Albert Barnes Commentary

Isaiah 7:25

1798–1870
Presbyterian
SCRIPTURE

"And all the hills that were digged with the mattock, thou shalt not come thither for fear of briers and thorns; but it shall be for the sending forth of oxen, and for the treading of sheep." — Isaiah 7:25 (ASV)

And on all hills ... - All the fertile places in the mountains that used to be cultivated with the spade. Vineyards were often planted on the sides of hills, and those places were among the most productive and fertile in the land; see (Isaiah 5:1).

The mattock - The spade; the garden hoe; or the weeding-hook. An instrument chiefly used, probably, in vineyards.

There shall not come thither - There shall not be.

The fear of briers and thorns - This phrase does not make sense as rendered, or if it does, it is not a sense consistent with the connection. The idea of the whole passage is that the land, even the most fertile parts of it, would be given up to briers and thorns; that is, to desolation.

The Hebrew here is ambiguous. It may mean, ‘you will not come there, for fear of the briers and thorns.’ That is, the place that was formerly so fertile, that was cultivated with the spade, will now be so completely covered with thorns and will furnish so convenient a resting place for wild beasts and reptiles as to deter a man from going there.

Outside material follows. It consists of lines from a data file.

lemma last_append_tl: "ys \<noteq> [] \<Longrightarrow> last xs = hd ys \<Longrightarrow> last (xs @ tl ys) = last ys"
  by (cases ys) (auto simp: last_append)

lemma set_append_tl:
  "xs \<noteq> [] \<Longrightarrow> ys \<noteq> [] \<Longrightarrow> last xs = hd ys \<Longrightarrow> set (xs @ tl ys) = set xs \<union> set ys"
  by (cases ys) (auto dest: last_in_set)

lemma walk_rev:
  assumes "walk G xs"
  shows "walk G (rev xs)"
  unfolding walk_def
proof (intro conjI allI impI)
  fix i assume i: "Suc i < length (rev xs)"
  define j where "j = length xs - Suc (Suc i)"
  have "Suc j < length xs" and "Suc j = length xs - Suc i" using i by (simp_all add: j_def)
  then have "{xs ! j, xs ! (length xs - Suc i)} \<in> edges G" using assms by (metis walk_def)
  then show "{rev xs ! i, rev xs ! Suc i} \<in> edges G"
    using i by (simp add: rev_nth j_def insert_commute)
qed (use assms in \<open>auto simp: walk_def\<close>)

lemma walk_take: "walk G xs \<Longrightarrow> 0 < n \<Longrightarrow> walk G (take n xs)"
  by (auto simp: walk_def dest: in_set_takeD)

lemma last_take_Suc: "j < length xs \<Longrightarrow> last (take (Suc j) xs) = xs ! j"
  by (subst last_conv_nth) auto

definition reach :: "'a graph \<Rightarrow> 'a \<Rightarrow> 'a \<Rightarrow> bool" where
  "reach G x y \<longleftrightarrow> (\<exists>xs. walk G xs \<and> hd xs = x \<and> last xs = y)"

lemma reach_refl: "x \<in> verts G \<Longrightarrow> reach G x x"
  unfolding reach_def by (intro exI[of _ "[x]"]) simp
(* Let $d\in R$ be a nonzero square-free element, let $f=\tfrac{g}{d}\in\mathbb{K}[x]$ with $g\in R[x]$ be a polynomial of degree $k\ge 1$, and let $a_0,a_1,\ldots,a_k$ be a $d$-sequence of length $k$ for $S$. For an irreducible $\pi\in R$, let $s_\pi\in\{1,2,\ldots\}\cup\{\infty\}$ denote the number of distinct residue classes modulo $\pi$ that contain an element of $S$ (i.e. the maximal number of elements of $S$ pairwise incongruent modulo $\pi$). Then $f\in\mathrm{Int}(S,R)$ if and only if, for every irreducible $\pi$ dividing $d$, one has $\pi\mid g(a_i)$ for all integers $0\le i\le \min(s_\pi,k)$.
   Context: Let $R$ be a unique factorization domain with field of fractions $\mathbb{K}$, and let $S\subseteq R$ be a nonempty subset. Define $\mathrm{Int}(S,R)=\{f\in\mathbb{K}[x]: f(a)\in R \text{ for all } a\in S\}$. For an irreducible $\pi\in R$, $R_{(\pi)}$ denotes the localization of $R$ at the prime ideal $(\pi)$, $\mathrm{Int}(S,R_{(\pi)})=\{f\in\mathbb{K}[x]: f(a)\in R_{(\pi)} \text{ for all } a\in S\}$, and $v_\pi$ denotes the $\pi$-adic valuation. An element of $R$ is square-free if it is not divisible by the square of any irreducible element. $\pi$-sequence: for an irreducible $\pi\in R$ and a positive integer $k$, a $\pi$-sequence of length $k$ in $S$ is a sequence $u_0,u_1,\ldots,u_k$ of distinct elements of $S$ such that for every $1\le m\le k$, $$\frac{(x-u_0)(x-u_1)\cdots(x-u_{m-1})}{(u_m-u_0)(u_m-u_1)\cdots(u_m-u_{m-1})}\in\mathrm{Int}(S,R_{(\pi)}).$$ $d$-sequence: let $d\in R$ be nonzero and $k$ a positive integer. Let $\pi_1,\ldots,\pi_r$ be a complete list of pairwise non-associate irreducible elements of $R$ dividing $d$. For each $1\le j\le r$ choose a $\pi_j$-sequence $u_{0j},u_{1j},\ldots,u_{kj}$ of length $k$ in $S$, and let $e_j=v_{\pi_j}\big((u_{kj}-u_{0j})(u_{kj}-u_{1j})\cdots(u_{kj}-u_{k-1,j})\big)$. A $d$-sequence of length $k$ (for $S$) is any sequence $a_0,a_1,\ldots,a_k$ of elements of $R$ satisfying $$a_i\equiv u_{ij}\pmod{\pi_j^{e_j+1}}\quad\text{for all } 0\le i\le k,\ 1\le j\le r.$$ (Such sequences exist by the Chinese remainder theorem; they depend on the choices made, and the $a_i$ need not lie in $S$.) *)

theory Defs
  imports "HOL-Computational_Algebra.Computational_Algebra" "HOL-Library.Extended_Nat"
begin
lemma hall_condition_if_vertex_critical:
  assumes finV: "finite V" and finL: "\<And>v. v \<in> V \<Longrightarrow> finite (L v)"
    and critical: "\<And>x. x \<in> V \<Longrightarrow> \<exists>\<psi>. proper_L_coloring (V - {x}) (\<lambda>u w. E u w \<and> u \<noteq> x \<and> w \<noteq> x) L \<psi>"
    and whole: "\<And>F. is_subgraph V F V E \<Longrightarrow>
                  card V \<le> (\<Sum>\<sigma>\<in>(\<Union>v\<in>V. L v). indep_number {v\<in>V. \<sigma> \<in> L v} F)"
  shows "hall_condition V E L"
  unfolding hall_condition_def
proof (intro allI impI)
  fix W F assume sub: "is_subgraph W F V E"
  show "card W \<le> (\<Sum>\<sigma>\<in>(\<Union>v\<in>W. L v). indep_number {v\<in>W. \<sigma> \<in> L v} F)"
  proof (cases "W = V")
    case False
    with sub obtain x where x: "x \<in> V" "x \<notin> W" unfolding is_subgraph_def by auto
    with critical obtain \<psi> where \<psi>: "proper_L_coloring (V - {x}) (\<lambda>u w. E u w \<and> u \<noteq> x \<and> w \<noteq> x) L \<psi>"
      by blast
    have "proper_L_coloring W F L \<psi>"
      using \<psi> sub x unfolding proper_L_coloring_def is_subgraph_def by blast
    moreover have "\<And>v. v \<in> W \<Longrightarrow> finite (L v)"
      using sub finL unfolding is_subgraph_def by blast
    ultimately show ?thesis
      using sub finV by (intro card_le_hall_sum_if_colourable)
  qed (use sub whole in simp)
qed

section \<open>A critical list assignment\<close>

text \<open>In a proper colouring the k - 1 vertices (i, 0), i < k - 1, use up the colours 0, ..., k - 2,
so the last part is forced to the colours k - 1 and k; then the vertex (j, 1) whose partner has
colour k - 2 has no colour left.\<close>

definition critical_lists :: "nat \<Rightarrow> nat \<times> nat \<Rightarrow> nat set" where
  "critical_lists k v =
     (if fst v < k - 1 then (if snd v = 0 then {..k - 2} else {..k} - {k - 2})
      else (if snd v = 0 then {..k - 1} else {..k} - {k - 1}))"

lemma critical_lists_card:
  assumes "2 \<le> k"
  shows "finite (critical_lists k v)" and "k - 1 \<le> card (critical_lists k v)"
  using assms by (auto simp: critical_lists_def card_Diff_singleton)
(* Let $0<1/N_0,1/D_0,1/C_0\ll1/r\le1/3$ with $r\in\mathbb N$. Let $N\ge N_0$, $C\ge C_0$, $D\ge D_0$, and let $\mathcal H$ be an $N$-vertex linear multi-hypergraph with maximum degree $\Delta(\mathcal H)\le D$ in which every edge has size at most $r$. Then there is an $r$-uniform linear hypergraph $\mathcal H_{\mathrm{unif}}$ such that: (1) $\mathcal H\subseteq\mathcal H_{\mathrm{unif}}|_{V(\mathcal H)}$ and $\mathcal H_{\mathrm{unif}}|_{V(\mathcal H)}\setminus\mathcal H$ contains only singleton edges; (2) every $v\in V(\mathcal H_{\mathrm{unif}})$ satisfies $D-C\le d_{\mathcal H_{\mathrm{unif}}}(v)\le D$, and moreover every $v\in V(\mathcal H)$ with $d_{\mathcal H}(v)\ge D-C$ satisfies $d_{\mathcal H_{\mathrm{unif}}}(v)=d_{\mathcal H}(v)$; (3) $|V(\mathcal H_{\mathrm{unif}})|\le r(r-1)^2D^3N$.
   Context: A multi-hypergraph has a finite vertex set and a multiset of nonempty edges. A linear multi-hypergraph is one in which any two distinct edges of size at least two intersect in at most one vertex (so only singleton edges may be repeated); a linear hypergraph has no repeated edges. Degree $d_{\mathcal H}(v)$ is the number of edges (with multiplicity) containing $v$; $r$-uniform means all edges have size $r$. For $S\subseteq V(\mathcal H')$, $\mathcal H'|_S$ is the multi-hypergraph on vertex set $S$ with edge multiset $\{e\cap S: e\in\mathcal H',\ e\cap S\ne\varnothing\}$. Hierarchy: $N_0,D_0,C_0$ sufficiently large in terms of $r$. *)

theory Defs
  imports Main "HOL-Library.Multiset"
begin
(* Let $\Pi=\{321,312,123,231\}$ (consecutive patterns). For $k\ge 1$, $$I_{2k+1}(\Pi;q)=2\,q^k C_k(q),\qquad I_{2k}(\Pi;q)=q^{k-1}C_{k-1}(q)+q^kC_k(q).$$
   Context: For $\sigma\in S_3$ and $\pi=\pi_1\cdots\pi_n\in S_n$, $\pi$ contains the consecutive pattern $\sigma$ if there is an index $i$ with $1\le i\le n-2$ such that $\pi_i\pi_{i+1}\pi_{i+2}$ is order-isomorphic to $\sigma$; otherwise $\pi$ avoids $\sigma$. $\mathrm{Av}_n(\Pi)$ is the set of $\pi\in S_n$ avoiding every pattern in $\Pi$. $\mathrm{inv}(\pi)=\#\{(i,j):i<j,\ \pi_i>\pi_j\}$ and $I_n(\Pi;q)=\sum_{\pi\in\mathrm{Av}_n(\Pi)}q^{\mathrm{inv}(\pi)}$. A Dyck path of length $k$ is a lattice path from $(0,0)$ to $(k,k)$ with unit steps $(1,0)$ and $(0,1)$ containing no point $(x,y)$ with $x>y$; its area is the number of unit squares lying below the path and completely above the diagonal. $C_k(q)=\sum_P q^{\mathrm{area}(P)}$ over Dyck paths $P$ of length $k$ (so $C_0(q)=1$). *)

theory Defs
  imports Main
begin

definition perms :: "nat \<Rightarrow> nat list set" where
  "perms n = {p. distinct p \<and> set p = {1..n}}"

definition order_iso :: "nat list \<Rightarrow> nat list \<Rightarrow> bool" where
  "order_iso xs ys \<longleftrightarrow> length xs = length ys \<and>
     (\<forall>i<length xs. \<forall>j<length xs. (xs ! i < xs ! j) = (ys ! i < ys ! j))"

definition contains_cons :: "nat list \<Rightarrow> nat list \<Rightarrow> bool" where
  "contains_cons p \<sigma> \<longleftrightarrow>
     (\<exists>i. i + 2 < length p \<and> order_iso [p ! i, p ! (i+1), p ! (i+2)] \<sigma>)"

definition Av :: "nat \<Rightarrow> nat list set \<Rightarrow> nat list set" where
  "Av n Pi = {p \<in> perms n. \<forall>\<sigma>\<in>Pi. \<not> contains_cons p \<sigma>}"

definition inv :: "nat list \<Rightarrow> nat" where
  "inv p = card {(i, j). i < j \<and> j < length p \<and> p ! i > p ! j}"

definition I_poly :: "nat \<Rightarrow> nat list set \<Rightarrow> 'a::comm_ring_1 \<Rightarrow> 'a" where
  "I_poly n Pi q = (\<Sum>p\<in>Av n Pi. q ^ inv p)"

text \<open>Lattice paths: False = east step (1,0), True = north step (0,1).
  The endpoint of a path is (number of east steps, number of north steps).\<close>
definition endpt :: "bool list \<Rightarrow> nat \<times> nat" where
  "endpt P = (count_list P False, count_list P True)"

definition dyck :: "nat \<Rightarrow> bool list \<Rightarrow> bool" where
  "dyck k P \<longleftrightarrow> length P = 2 * k \<and> endpt P = (k, k) \<and>
     (\<forall>m\<le>length P. fst (endpt (take m P)) \<le> snd (endpt (take m P)))"

text \<open>Unit square with lower-left corner (i,j). It lies below the path iff the
  east step of the path over column i is at height > j; it lies completely above
  the diagonal iff j \<ge> i + 1.\<close>
definition area :: "bool list \<Rightarrow> nat" where
  "area P = card {(i, j). j \<ge> i + 1 \<and>
      (\<exists>m<length P. P ! m = False \<and> fst (endpt (take m P)) = i
                    \<and> j < snd (endpt (take m P)))}"

definition Cq :: "nat \<Rightarrow> 'a::comm_ring_1 \<Rightarrow> 'a" where
  "Cq k q = (\<Sum>P\<in>{P. dyck k P}. q ^ area P)"

end

theory Submission
  imports Defs
begin

(* A permutation avoids the four patterns iff every consecutive triple is order
   isomorphic to 132 or 213; equivalently pi_i < pi_(i+2) everywhere and the
   middle entry of each triple is never between its two neighbours.  The first
   condition says that the entries at even and at odd positions both increase,
   so such a permutation is determined by the word w in {False, True}^n whose
   t-th letter records whether the value t+1 sits at an odd position.  The
   value t+1 then occupies the "slot" 2r or 2r+1, r being the number of
   equal letters before it.

   Reading False as an
   east step and True as a north step, word_inv is computed letter by letter
   and compared with the area statistic of Dyck paths.  Finally the good words
   of length 2k+1 (resp. 2k) are classified as Dyck paths of length k, either
   followed by an east step or mirrored (resp. Dyck paths of length k and
   mirrored Dyck paths of length k-1 followed by a north step), which yields
   the two identities of the theorem. *)

definition pcount :: "bool list \<Rightarrow> nat \<Rightarrow> bool \<Rightarrow> nat" where
  "pcount w t c = count_list (take t w) c"

lemma pcount_0 [simp]: "pcount w 0 c = 0"
  by (simp add: pcount_def)

lemma pcount_Suc:
  "pcount w (Suc t) c = pcount w t c + (if t < length w \<and> w!t = c then 1 else 0)"
  unfolding pcount_def by (cases "t < length w") (auto simp: take_Suc_conv_app_nth)

lemma pcount_full [simp]: "pcount w (length w) c = count_list w c"
  by (simp add: pcount_def)

lemma pcount_snoc: "s \<le> length w \<Longrightarrow> pcount (w @ [c]) s d = pcount w s d"
  by (simp add: pcount_def)

lemma pcount_Cons_Suc: "pcount (x # v) (Suc m) c = pcount v m c + (if x = c then 1 else 0)"
  by (simp add: pcount_def)

lemma count_map_Not: "count_list (map Not v) c = count_list v (\<not> c)"
  by (induction v) auto
(* Let $\mathbb{H}$ be a reproducing kernel Hilbert space with inner product $\langle\cdot,\cdot\rangle$ and feature map $\phi$, and let $(X,A,Y)$ be jointly distributed real-valued $A,Y$ with finite second moments such that $\mathbb{E}[Y\mid X]=\langle y,\phi(X)\rangle$ and $\mathbb{E}[A\mid X]=\langle a,\phi(X)\rangle$ for some $y,a\in\mathbb{H}$, with $\operatorname{Var}\mathbb{E}[A\mid X]>0$. Then for every (possibly randomized) representation $Z=g(X)$ with $\operatorname{Var}\mathbb{E}[A\mid Z]=0$, $$\operatorname{Var}\mathbb{E}[Y\mid Z]\le\operatorname{Var}\mathbb{E}[Y\mid X]-\frac{\operatorname{Cov}^2(\mathbb{E}[Y\mid X],\mathbb{E}[A\mid X])}{\operatorname{Var}\mathbb{E}[A\mid X]}.$$
   Context: A (possibly randomized) representation is $Z=g(X,S)$ for a measurable $g$ and auxiliary randomness $S$ independent of $(X,A,Y)$. $\phi(X)$ is assumed to have finite second moment in $\mathbb{H}$. *)

theory Defs
  imports "HOL-Probability.Probability"
begin

definition cond_exp_given :: "'a measure \<Rightarrow> ('a \<Rightarrow> 'b) \<Rightarrow> 'b measure \<Rightarrow> ('a \<Rightarrow> real) \<Rightarrow> ('a \<Rightarrow> real)" where
  "cond_exp_given M X MX f = real_cond_exp M (vimage_algebra (space M) X MX) f"

definition covariance :: "'a measure \<Rightarrow> ('a \<Rightarrow> real) \<Rightarrow> ('a \<Rightarrow> real) \<Rightarrow> real" where
  "covariance M f g = (\<integral>\<omega>. (f \<omega> - (\<integral>x. f x \<partial>M)) * (g \<omega> - (\<integral>x. g x \<partial>M)) \<partial>M)"

end

theory Submission
  imports Defs
begin

text \<open>
  Because the auxiliary randomness S is independent of (X, A, Y), conditioning on (X, S) is the
  same as conditioning on X, so by the tower property E[T | Z] = E[E[T | X] | Z] for T = A, Y.
  Write f = E[Y | X], h = E[A | X] and let w be E[f | Z] minus its mean. Since E[h | Z] is
  constant, w is orthogonal to h - E h, while its inner product with f - E f equals its own
  squared norm. Hence Var f - Var E[f | Z] is the squared norm of the residual f - E f - w,
  Cov(f, h) is the inner product of this residual with h - E h, and Cauchy-Schwarz gives the bound.
\<close>

lemma integrable_mult_square_integrable:
  fixes f g :: "'a \<Rightarrow> real"
  assumes [measurable]: "f \<in> borel_measurable M" "g \<in> borel_measurable M"
    and "integrable M (\<lambda>x. (f x)\<^sup>2)" "integrable M (\<lambda>x. (g x)\<^sup>2)"
  shows "integrable M (\<lambda>x. f x * g x)"
proof (rule Bochner_Integration.integrable_bound)
  show "integrable M (\<lambda>x. (f x)\<^sup>2 + (g x)\<^sup>2)"
    using assms by simp
  show "AE x in M. norm (f x * g x) \<le> norm ((f x)\<^sup>2 + (g x)\<^sup>2)"
  proof (rule AE_I2)
    fix x
    have "norm (f x * g x) \<le> 2 * \<bar>f x\<bar> * \<bar>g x\<bar>"
      by (simp add: abs_mult)
    also have "\<dots> \<le> (f x)\<^sup>2 + (g x)\<^sup>2"
      using sum_squares_bound[of "\<bar>f x\<bar>" "\<bar>g x\<bar>"] by simp
    finally show "norm (f x * g x) \<le> norm ((f x)\<^sup>2 + (g x)\<^sup>2)"
      by simp
  qed
qed simp

lemma (in finite_measure) integrable_square_diff_const:
  fixes f :: "'a \<Rightarrow> real"
  assumes [measurable]: "f \<in> borel_measurable M" and "integrable M (\<lambda>x. (f x)\<^sup>2)"
  shows "integrable M (\<lambda>x. (f x - c)\<^sup>2)"
proof -
  have "integrable M f"
    using square_integrable_imp_integrable assms by blast
  moreover have "(\<lambda>x. (f x - c)\<^sup>2) = (\<lambda>x. (f x)\<^sup>2 - 2 * c * f x + c\<^sup>2)"
    by (simp add: power2_eq_square algebra_simps)
  ultimately show ?thesis
    using assms by simp
qed

lemma (in sigma_finite_subalgebra) integrable_square_real_cond_exp:
  fixes f :: "'a \<Rightarrow> real"
  assumes "integrable M f" "integrable M (\<lambda>x. (f x)\<^sup>2)"
  shows "integrable M (\<lambda>x. (real_cond_exp M F f x)\<^sup>2)"
  using integrable_convex_cond_exp[of f UNIV 0 0 power2] assms convex_power2 by auto

lemma Cauchy_Schwarz_integral:
  fixes f g :: "'a \<Rightarrow> real"
  assumes [measurable]: "f \<in> borel_measurable M" "g \<in> borel_measurable M"
    and f2: "integrable M (\<lambda>x. (f x)\<^sup>2)" and g2: "integrable M (\<lambda>x. (g x)\<^sup>2)"
  shows "(\<integral>x. f x * g x \<partial>M)\<^sup>2 / (\<integral>x. (g x)\<^sup>2 \<partial>M) \<le> (\<integral>x. (f x)\<^sup>2 \<partial>M)"
proof (cases "(\<integral>x. (g x)\<^sup>2 \<partial>M) = 0")
  case False
  define c where "c = (\<integral>x. f x * g x \<partial>M) / (\<integral>x. (g x)\<^sup>2 \<partial>M)"
  have fg: "integrable M (\<lambda>x. f x * g x)"
    using f2 g2 by (rule integrable_mult_square_integrable[rotated 2]) simp_all
  have "0 \<le> (\<integral>x. (f x - c * g x)\<^sup>2 \<partial>M)"
    by simp
  also have "\<dots> = (\<integral>x. (f x)\<^sup>2 - 2 * c * (f x * g x) + c\<^sup>2 * (g x)\<^sup>2 \<partial>M)"
    by (simp add: power2_eq_square algebra_simps)
  also have "\<dots> = (\<integral>x. (f x)\<^sup>2 \<partial>M) - 2 * c * (\<integral>x. f x * g x \<partial>M) + c\<^sup>2 * (\<integral>x. (g x)\<^sup>2 \<partial>M)"
    using f2 g2 fg by simp
  also have "\<dots> = (\<integral>x. (f x)\<^sup>2 \<partial>M) - (\<integral>x. f x * g x \<partial>M)\<^sup>2 / (\<integral>x. (g x)\<^sup>2 \<partial>M)"
    using False by (simp add: c_def power2_eq_square field_simps)
  finally show ?thesis
    by simp
qed simp

lemma Cauchy_Schwarz_integral_residual:
  fixes u v w :: "'a \<Rightarrow> real"
  assumes [measurable]: "u \<in> borel_measurable M" "v \<in> borel_measurable M" "w \<in> borel_measurable M"
    and u2: "integrable M (\<lambda>x. (u x)\<^sup>2)" and v2: "integrable M (\<lambda>x. (v x)\<^sup>2)"
    and w2: "integrable M (\<lambda>x. (w x)\<^sup>2)"
    and wu: "(\<integral>x. w x * u x \<partial>M) = (\<integral>x. (w x)\<^sup>2 \<partial>M)" and wv: "(\<integral>x. w x * v x \<partial>M) = 0"
  shows "(\<integral>x. u x * v x \<partial>M)\<^sup>2 / (\<integral>x. (v x)\<^sup>2 \<partial>M) \<le> (\<integral>x. (u x)\<^sup>2 \<partial>M) - (\<integral>x. (w x)\<^sup>2 \<partial>M)"
proof -
  have uv: "integrable M (\<lambda>x. u x * v x)" and uw: "integrable M (\<lambda>x. w x * u x)"
    and vw: "integrable M (\<lambda>x. w x * v x)"
    using u2 v2 w2 by (simp_all add: integrable_mult_square_integrable)
  have square_expand: "(\<lambda>x. (u x - w x)\<^sup>2) = (\<lambda>x. (u x)\<^sup>2 + (w x)\<^sup>2 - 2 * (w x * u x))"
    by (simp add: power2_eq_square algebra_simps)
  then have uw2: "integrable M (\<lambda>x. (u x - w x)\<^sup>2)"
    using u2 w2 uw by simp
  have "(\<integral>x. u x * v x \<partial>M) = (\<integral>x. (u x - w x) * v x \<partial>M)"
    using uv vw wv by (simp add: left_diff_distrib mult.commute[of "w _"])
  moreover have "(\<integral>x. (u x - w x)\<^sup>2 \<partial>M) = (\<integral>x. (u x)\<^sup>2 \<partial>M) - (\<integral>x. (w x)\<^sup>2 \<partial>M)"
    using u2 w2 uw wu by (simp add: square_expand)
  ultimately show ?thesis
    using Cauchy_Schwarz_integral[of "\<lambda>x. u x - w x" M v] uw2 v2 by simp
qed

lemma (in prob_space) variance_cong_AE:
  fixes f g :: "'a \<Rightarrow> real"
  assumes "AE x in M. f x = g x" and "f \<in> borel_measurable M" "g \<in> borel_measurable M"
  shows "variance f = variance g"
proof -
  have "expectation f = expectation g"
    using assms by (intro integral_cong_AE) auto
  then show ?thesis
    using assms by (intro integral_cong_AE) auto
qed

lemma (in prob_space) variance_eq_0_imp_AE_eq_expectation:
  fixes f :: "'a \<Rightarrow> real"
  assumes [measurable]: "f \<in> borel_measurable M" and "integrable M (\<lambda>x. (f x)\<^sup>2)"
    and "variance f = 0"
  shows "AE x in M. f x = expectation f"
proof -
  have "AE x in M. (f x - expectation f)\<^sup>2 = 0"
    using assms by (subst integral_nonneg_eq_0_iff_AE[symmetric]) (auto intro: integrable_square_diff_const)
  then show ?thesis
    by auto
qed

lemma (in prob_space) variance_real_cond_exp_le:
  fixes f h :: "'a \<Rightarrow> real"
  assumes "sigma_finite_subalgebra M G"
    and [measurable]: "f \<in> borel_measurable M" "h \<in> borel_measurable M"
    and f2: "integrable M (\<lambda>x. (f x)\<^sup>2)" and h2: "integrable M (\<lambda>x. (h x)\<^sup>2)"
    and h_uninformative: "variance (real_cond_exp M G h) = 0"
  shows "variance (real_cond_exp M G f) \<le> variance f - (covariance M f h)\<^sup>2 / variance h"
proof -
  interpret G: sigma_finite_subalgebra M G by fact
  have fi: "integrable M f" and hi: "integrable M h"
    using f2 h2 by (simp_all add: square_integrable_imp_integrable)
  define u where "u x = f x - expectation f" for x
  define v where "v x = h x - expectation h" for x
  define w where "w x = real_cond_exp M G f x - expectation f" for x
  have [measurable]: "u \<in> borel_measurable M" "v \<in> borel_measurable M"
    "w \<in> borel_measurable M" "w \<in> borel_measurable G"
    unfolding u_def v_def w_def by simp_all
  have u2: "integrable M (\<lambda>x. (u x)\<^sup>2)" and v2: "integrable M (\<lambda>x. (v x)\<^sup>2)"
    unfolding u_def v_def using f2 h2 by (simp_all add: integrable_square_diff_const)
  have w2: "integrable M (\<lambda>x. (w x)\<^sup>2)"
    unfolding w_def using G.integrable_square_real_cond_exp[OF fi f2]
    by (simp add: integrable_square_diff_const)
  have wi: "integrable M w"
    using w2 by (simp add: square_integrable_imp_integrable)
  have w_mean: "expectation w = 0"
    unfolding w_def using fi by (simp add: G.real_cond_exp_int prob_space)
  have wf: "integrable M (\<lambda>x. w x * f x)" and wh: "integrable M (\<lambda>x. w x * h x)"
    using f2 h2 w2 by (simp_all add: integrable_mult_square_integrable)
  have "(\<integral>x. w x * u x \<partial>M) = (\<integral>x. w x * f x \<partial>M)"
    unfolding u_def using wf wi w_mean by (simp add: right_diff_distrib)
  also have "\<dots> = (\<integral>x. w x * real_cond_exp M G f x - expectation f * w x \<partial>M)"
    using G.real_cond_exp_intg[OF wf] wi w_mean by simp
  also have "\<dots> = (\<integral>x. (w x)\<^sup>2 \<partial>M)"
    by (simp add: w_def power2_eq_square algebra_simps)
  finally have wu: "(\<integral>x. w x * u x \<partial>M) = (\<integral>x. (w x)\<^sup>2 \<partial>M)" .
  have "AE x in M. real_cond_exp M G h x = expectation h"
    using variance_eq_0_imp_AE_eq_expectation[OF _ G.integrable_square_real_cond_exp[OF hi h2]]
      h_uninformative hi by (simp add: G.real_cond_exp_int)
  then have "(\<integral>x. w x * real_cond_exp M G h x \<partial>M) = (\<integral>x. w x * expectation h \<partial>M)"
    by (intro integral_cong_AE) auto
  then have "(\<integral>x. w x * h x \<partial>M) = 0"
    using wh w_mean by (simp add: G.real_cond_exp_intg(2))
  then have wv: "(\<integral>x. w x * v x \<partial>M) = 0"
    unfolding v_def using wh wi w_mean by (simp add: right_diff_distrib)
  have "(covariance M f h)\<^sup>2 / variance h \<le> variance f - variance (real_cond_exp M G f)"
    using Cauchy_Schwarz_integral_residual[OF _ _ _ u2 v2 w2 wu wv] fi
    by (simp add: covariance_def u_def v_def w_def G.real_cond_exp_int)
  then show ?thesis
    by simp
qed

The Septuagint and the Syriac, however, understand it differently - as denoting that those places would still be cultivated. But this is evidently a departure from the sense of the connection.

Lowth understands it in the past tense: ‘where the fear of briers and thorns never came.’ The general idea of the passage is plain: that those places, once so highly cultivated, would now be desolate.

Shall be for the sending forth ... - This means it will be wild, uncultivated, and desolate - vast commons on which oxen and sheep will feed at large. Concerning “Lesser cattle”. The Hebrew is ‘Sheep, or the flock.’

Sheep were accustomed to range in deserts and uncultivated places and to obtain their subsistence there, under the guidance of the shepherd. The description, therefore, in these verses is one of extensive and wide desolation, and one that was accomplished in the calamities that came upon the land in the invasions by the Egyptians and Assyrians.